The murder of an innocent man at point blank range was the by-product of a violent confrontation between two rival bikie gangs, a jury has been told.
Panel beater Jason De Ieso was killed by a shotgun blast to the head at his business in Pooraka, northern Adelaide, in November 2012.
On the fifth and final day of a closing address on Tuesday, crown prosecutor Jim Pearce KC urged the jury to find eight men guilty of killing Mr De Ieso, even though all the evidence against them was circumstantial.
The jury previously heard the group, who had links to the Hells Angels motorcycle gang, murdered the 33-year-old bystander after their intended target left the address minutes before they arrived.
Musa Alzuain, who was 19 years old at the time, is alleged to have pulled the trigger, but Mr Pearce also urged the jury to find the rest of the accused guilty as they were part of a joint enterprise to kill.
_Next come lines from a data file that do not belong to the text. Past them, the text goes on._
(* Let $\phi\in(0,1)$ and $\gamma_1\in[1,2)$ with $\gamma_1\phi\ne1$. For $\gamma_2\in\mathbb{R}$ let $z_1(\gamma_2),z_2(\gamma_2)$ be the two roots of $z^2-(2-\gamma_1-\gamma_2+\gamma_1\gamma_2\phi)z+(\gamma_1-1)(\gamma_2-1)=0$, let $\Delta(\gamma_2):=(2-\gamma_1-\gamma_2+\gamma_1\gamma_2\phi)^2-4(\gamma_1-1)(\gamma_2-1)$, let $\xi_1,\xi_2$ be the roots of $\Delta(\gamma_2)=0$ with $|\xi_1|\le|\xi_2|$, and $f(\gamma_2):=\max\{|z_1(\gamma_2)|,|z_2(\gamma_2)|\}$. Then $1\le\xi_1$, and: (a) if $\gamma_1\in[1,\frac{2}{1+\sqrt{1-\phi}}]$, then $f$ is non-increasing on $[1,\gamma_1]$; (b) if $\gamma_1\in[\frac{2}{1+\sqrt{1-\phi}},2)$, then $\xi_1\le\gamma_1$, $f$ is non-increasing on $[1,\xi_1]$, and $f(\gamma_2)=\sqrt{(\gamma_1-1)(\gamma_2-1)}$ for all $\gamma_2\in[\xi_1,\gamma_1]$. *)

theory Defs
  imports Complex_Main
begin

definition qb :: "real \<Rightarrow> real \<Rightarrow> real \<Rightarrow> real" where
  "qb \<phi> g1 g2 = 2 - g1 - g2 + g1 * g2 * \<phi>"

definition qc :: "real \<Rightarrow> real \<Rightarrow> real" where
  "qc g1 g2 = (g1 - 1) * (g2 - 1)"

definition zroots :: "real \<Rightarrow> real \<Rightarrow> real \<Rightarrow> complex set" where
  "zroots \<phi> g1 g2 = {z::complex. z^2 - of_real (qb \<phi> g1 g2) * z + of_real (qc g1 g2) = 0}"

definition fmod :: "real \<Rightarrow> real \<Rightarrow> real \<Rightarrow> real" where
  "fmod \<phi> g1 g2 = Max (norm ` zroots \<phi> g1 g2)"

definition Delta :: "real \<Rightarrow> real \<Rightarrow> real \<Rightarrow> real" where
  "Delta \<phi> g1 g2 = (qb \<phi> g1 g2)^2 - 4 * qc g1 g2"

end

theory Submission
  imports Defs
begin

text \<open>
  Write \<open>q\<^sub>y(z) = z\<^sup>2 - b(y) z + c(y)\<close> for the quadratic with parameter \<open>\<gamma>\<^sub>2 = y\<close>. Its
  coefficients are affine in \<open>y\<close>, so \<open>q\<^sub>x(z) = q\<^sub>y(z) + (x - y)(\<gamma>\<^sub>1 - 1 - (\<gamma>\<^sub>1\<phi> - 1) z)\<close>.
  For \<open>y \<le> \<gamma>\<^sub>1\<close> every real root \<open>z\<close> of \<open>q\<^sub>y\<close> makes the last factor positive, so for
  \<open>x \<le> y\<close> the dominant real root of \<open>q\<^sub>y\<close> satisfies \<open>q\<^sub>x(z) \<le> 0\<close> and hence lies between the
  real roots of \<open>q\<^sub>x\<close>: the spectral radius can only grow as \<open>y\<close> decreases, as long as
  \<open>q\<^sub>y\<close> has real roots. Vieta's formulas for the discriminant \<open>\<Delta>\<close>, evaluated at \<open>0\<close> and
  \<open>1\<close>, place its roots in \<open>[1, \<infinity>)\<close> with midpoint at least \<open>\<gamma>\<^sub>1\<close>; so the sign of
  \<open>\<Delta>(\<gamma>\<^sub>1)\<close>, which changes exactly at \<open>\<gamma>\<^sub>1 = 2/(1 + \<surd>(1 - \<phi>))\<close>, decides whether
  \<open>\<xi>\<^sub>1 \<le> \<gamma>\<^sub>1\<close>. Beyond \<open>\<xi>\<^sub>1\<close> the roots are complex conjugates of modulus \<open>\<surd>c\<close>.
\<close>

lemma monic_quadratic_roots:
  fixes r1 r2 :: "'a::idom"
  assumes "r1 + r2 = b" "r1 * r2 = c"
  shows "{z. z^2 - b*z + c = 0} = {r1, r2}"
proof -
  have "z^2 - b*z + c = (z - r1) * (z - r2)" for z
    unfolding assms[symmetric] by (simp add: algebra_simps power2_eq_square)
  then show ?thesis by auto
qed

lemma Max_norm_quadratic_roots_real:
  fixes b c :: real
  assumes "4*c \<le> b^2"
  shows "Max (norm ` {z::complex. z^2 - of_real b * z + of_real c = 0})
           = (\<bar>b\<bar> + sqrt (b^2 - 4*c)) / 2"
proof -
  define s where "s = sqrt (b^2 - 4*c)"
  have s0: "0 \<le> s" and s2: "s^2 = b^2 - 4*c"
    using assms by (simp_all add: s_def)
  have "(b + s)/2 + (b - s)/2 = b" "((b + s)/2) * ((b - s)/2) = c"
    using s2 by (simp_all add: field_simps power2_eq_square)
  then have "{z::complex. z^2 - of_real b * z + of_real c = 0}
               = {of_real ((b + s)/2), of_real ((b - s)/2)}"
    by (intro monic_quadratic_roots) (metis of_real_add of_real_mult)+
  then have "Max (norm ` {z::complex. z^2 - of_real b * z + of_real c = 0})
               = max \<bar>(b + s)/2\<bar> \<bar>(b - s)/2\<bar>"
    by (simp del: of_real_add of_real_diff of_real_divide)
  also have "\<dots> = (\<bar>b\<bar> + s) / 2"
    using s0 by (auto simp: max_def abs_if field_simps)
  finally show ?thesis by (simp add: s_def)
qed

lemma Max_norm_quadratic_roots_nonreal:
  fixes b c :: real
  assumes "b^2 \<le> 4*c"
  shows "Max (norm ` {z::complex. z^2 - of_real b * z + of_real c = 0}) = sqrt c"
proof -
  define s where "s = sqrt (4*c - b^2)"
  have s2: "s^2 = 4*c - b^2"
    using assms by (simp add: s_def)
  have "{z::complex. z^2 - of_real b * z + of_real c = 0}
          = {Complex (b/2) (s/2), Complex (b/2) (-s/2)}"
    by (rule monic_quadratic_roots)
       (use s2 in \<open>simp_all add: complex_eq_iff algebra_simps power2_eq_square\<close>)
  then have "Max (norm ` {z::complex. z^2 - of_real b * z + of_real c = 0})
               = sqrt ((b/2)^2 + (s/2)^2)"
    by (simp add: norm_complex_def)
  also have "(b/2)^2 + (s/2)^2 = c"
    using s2 by (simp add: power_divide field_simps)
  finally show ?thesis .
qed

lemma fmod_eq_of_Delta_nonneg:
  "0 \<le> Delta p a x \<Longrightarrow> fmod p a x = (\<bar>qb p a x\<bar> + sqrt (Delta p a x)) / 2"
  unfolding fmod_def zroots_def Delta_def by (rule Max_norm_quadratic_roots_real) simp

lemma fmod_eq_of_Delta_nonpos:
  "Delta p a x \<le> 0 \<Longrightarrow> fmod p a x = sqrt (qc a x)"
  unfolding fmod_def zroots_def Delta_def by (rule Max_norm_quadratic_roots_nonreal) simp

lemma real_quadratic_root_of_max_abs:
  fixes b c :: real
  assumes "4*c \<le> b^2"
  obtains t where "t^2 - b*t + c = 0" "\<bar>t\<bar> = (\<bar>b\<bar> + sqrt (b^2 - 4*c)) / 2"
proof
  define s where "s = sqrt (b^2 - 4*c)"
  have s0: "0 \<le> s" and s2: "s^2 = b^2 - 4*c"
    using assms by (simp_all add: s_def)
  define t where "t = (if 0 \<le> b then (b + s)/2 else (b - s)/2)"
  have "(2*t - b)^2 = s^2"
    by (simp add: t_def power2_eq_square field_simps)
  then show "t^2 - b*t + c = 0"
    using s2 by (simp add: power2_eq_square algebra_simps)
  show "\<bar>t\<bar> = (\<bar>b\<bar> + sqrt (b^2 - 4*c)) / 2"
    using s0 by (simp add: t_def s_def[symmetric])
qed

lemma abs_le_of_quadratic_nonpos:
  fixes b c t :: real
  assumes "t^2 - b*t + c \<le> 0"
  shows "4*c \<le> b^2" "\<bar>t\<bar> \<le> (\<bar>b\<bar> + sqrt (b^2 - 4*c)) / 2"
proof -
  have sq: "(2*t - b)^2 \<le> b^2 - 4*c"
    using assms by (simp add: power2_eq_square algebra_simps)
  moreover have "0 \<le> (2*t - b)^2"
    by simp
  ultimately show "4*c \<le> b^2"
    by linarith
  have "\<bar>2*t - b\<bar> \<le> sqrt (b^2 - 4*c)"
    using real_sqrt_le_mono[OF sq] by simp
  moreover have "\<bar>2*t\<bar> \<le> \<bar>2*t - b\<bar> + \<bar>b\<bar>"
    using abs_triangle_ineq[of "2*t - b" b] by simp
  ultimately show "\<bar>t\<bar> \<le> (\<bar>b\<bar> + sqrt (b^2 - 4*c)) / 2"
    by simp
qed

lemma sq_mul_less_three_mul_sub_two:
  fixes a p :: real
  assumes "0 < p" "p < 1" "1 \<le> a" "a \<le> 2"
  shows "a^2 * p < 3*a - 2"
proof -
  have "a^2 * p < a^2"
    using assms by simp
  moreover have "0 \<le> (a - 1) * (2 - a)"
    using assms by simp
  ultimately show ?thesis
    by (simp add: power2_eq_square algebra_simps)
qed

lemma quadratic_pencil:
  "z^2 - qb p a x * z + qc a x
     = z^2 - qb p a y * z + qc a y + (x - y) * (a - 1 - (a*p - 1) * z)"
  by (simp add: qb_def qc_def algebra_simps)

lemma pencil_factor_pos_at_root:
  fixes a p y t :: real
  assumes p: "0 < p" "p < 1" and a: "1 < a" "a \<le> 2" and "y \<le> a"
    and root: "t^2 - qb p a y * t + qc a y = 0"
  shows "0 < a - 1 - (a*p - 1) * t"
proof (rule ccontr)
  define m where "m = a*p - 1"
  define b where "b = qb p a y"
  assume "\<not> 0 < a - 1 - (a*p - 1) * t"
  then have ge: "a - 1 \<le> m*t"
    by (simp add: m_def)
  have "2*(a - 1) - m*b = a*p*(3*a - 2 - a^2*p) + m^2*(a - y)"
    by (simp add: m_def b_def qb_def power2_eq_square algebra_simps)
  moreover have "0 < a*p*(3*a - 2 - a^2*p)"
    using sq_mul_less_three_mul_sub_two[of p a] p a by simp
  moreover have "0 \<le> m^2*(a - y)"
    using \<open>y \<le> a\<close> by simp
  ultimately have "m*b < 2*(a - 1)"
    by linarith
  \<comment> \<open>\<open>(t - w)(t + w - b) = q(t) - q(w)\<close> at the common point \<open>w = (a - 1)/m\<close> of the pencil,
    where \<open>m\<^sup>2 q(w) = (a - 1)(m + 1)(a - 1 - m)\<close>; scaled by \<open>m\<^sup>2\<close> to avoid dividing by \<open>m\<close>\<close>
  with ge have "0 \<le> (m*t - (a - 1)) * (m*t + (a - 1) - m*b)"
    by simp
  also have "(m*t - (a - 1)) * (m*t + (a - 1) - m*b)
               = m^2 * (t^2 - b*t + qc a y) - (a - 1)*(m + 1)*(a - 1 - m)"
    by (simp add: m_def b_def qb_def qc_def power2_eq_square algebra_simps)
  also have "\<dots> < 0"
    using root p a by (simp add: m_def b_def)
  finally show False
    by simp
qed

lemma fmod_antimono:
  fixes a p x y :: real
  assumes p: "0 < p" "p < 1" and a: "1 < a" "a \<le> 2"
    and "x \<le> y" "y \<le> a" and "0 \<le> Delta p a y"
  shows "fmod p a y \<le> fmod p a x"
proof -
  obtain t where root: "t^2 - qb p a y * t + qc a y = 0"
    and t: "\<bar>t\<bar> = fmod p a y"
    using real_quadratic_root_of_max_abs[of "qc a y" "qb p a y"] \<open>0 \<le> Delta p a y\<close>
    by (auto simp: fmod_eq_of_Delta_nonneg Delta_def)
  have "t^2 - qb p a x * t + qc a x = (x - y) * (a - 1 - (a*p - 1) * t)"
    using quadratic_pencil[of t p a x y] root by simp
  also have "\<dots> \<le> 0"
    using pencil_factor_pos_at_root[OF p a \<open>y \<le> a\<close> root] \<open>x \<le> y\<close>
    by (simp add: mult_nonpos_nonneg)
  finally have "t^2 - qb p a x * t + qc a x \<le> 0" .
  from abs_le_of_quadratic_nonpos[OF this] t show ?thesis
    by (simp add: fmod_eq_of_Delta_nonneg Delta_def)
qed

lemma Delta_root_bounds:
  fixes a p \<xi>1 \<xi>2 :: real
  assumes p: "0 < p" "p < 1" and a: "1 \<le> a" "a \<le> 2" "a*p \<noteq> 1"
    and roots: "\<forall>x. Delta p a x = (1 - a*p)^2 * (x - \<xi>1) * (x - \<xi>2)"
    and ord: "\<bar>\<xi>1\<bar> \<le> \<bar>\<xi>2\<bar>"
  shows "1 \<le> \<xi>1" "\<xi>1 \<le> \<xi>2" "2*a \<le> \<xi>1 + \<xi>2"
proof -
  define M where "M = (1 - a*p)^2"
  have M: "0 < M"
    using a by (simp add: M_def)
  have prod: "M * (\<xi>1*\<xi>2) = a^2"
    using roots[rule_format, of 0]
    by (simp add: M_def Delta_def qb_def qc_def power2_eq_square algebra_simps)
  have at_one: "M * ((1 - \<xi>1)*(1 - \<xi>2)) = (1 - a + a*p)^2"
    using roots[rule_format, of 1]
    by (simp add: M_def Delta_def qb_def qc_def power2_eq_square algebra_simps)
  have "M * (\<xi>1 + \<xi>2) - M * (2*a) = 2*a*p*(3*a - 2 - a^2*p)"
    using prod at_one by (simp add: M_def power2_eq_square algebra_simps)
  also have "\<dots> > 0"
    using sq_mul_less_three_mul_sub_two[OF p a(1,2)] p a by simp
  finally show sum: "2*a \<le> \<xi>1 + \<xi>2"
    using M by simp
  have "0 < M * (\<xi>1*\<xi>2)"
    using prod a by simp
  then have "0 < \<xi>1*\<xi>2"
    using M by (simp add: zero_less_mult_iff)
  with sum a have "0 < \<xi>1" "0 < \<xi>2"
    by (auto simp: zero_less_mult_iff)
  with ord show "\<xi>1 \<le> \<xi>2"
    by simp
  have "0 \<le> M * ((1 - \<xi>1)*(1 - \<xi>2))"
    using at_one by simp
  then have "0 \<le> (1 - \<xi>1)*(1 - \<xi>2)"
    using M by (simp add: zero_le_mult_iff)
  with sum a show "1 \<le> \<xi>1"
    by (auto simp: zero_le_mult_iff)
qed

lemma Delta_diag:
  fixes a p :: real
  assumes "p \<le> 1"
  shows "Delta p a a
           = a^2 * p * ((a*(1 + sqrt (1 - p)) - 2) * (a*(1 - sqrt (1 - p)) - 2))"
proof -
  have "(sqrt (1 - p))^2 = 1 - p"
    using assms by simp
  then show ?thesis
    by (simp add: Delta_def qb_def qc_def power2_eq_square algebra_simps)
qed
As well as Alzuain, now in his 30s, his older brothers Husain Alzuain and Mohamed Alzuain have been charged with Mr De Ieso's murder, along with Daniel Mark Jalleh, Ross William Montgomery, Seywan Moradi, Kyle Lloyd Pryde and Nicholas Sianis.
All have pleaded not guilty.
A ninth man suspected of taking part in the attack has since died.
Mr Pearce said the circumstantial evidence, when taken together, removes the possibility of coincidence and proves beyond reasonable doubt the eight men's guilt.
He argued data from phone towers showed the men were in the area together and CCTV footage from the crime scene depicted men who resembled the accused.
The group also shared a common motive to hit back at a rival member of the Finks bikie gang amid escalating violence between the groups, Mr Pearce said.
"When you combine the evidence it paints a clear unambiguous picture," he said.
"These things were not just a coincidence. They are facts that establish the guilt of these men. They establish that at the time Mr De Ieso was killed there was this violent confrontation between these two groups.
"An innocent man was killed - that's the truth."
Husain Alzuain's defence barrister, Winston Terracini KC, said the prosecution ignored witnesses who contradicted its side of events, including one woman who claimed to see a tattoo on one of the men at the crime scene that didn't match any of the accused.
"The word facts has been used a lot," Mr Terracini said.
"Facts don't go away simply because they're ignored."
Mr Terracini and defence barristers for the other seven accused men will continue their closing addresses on Wednesday.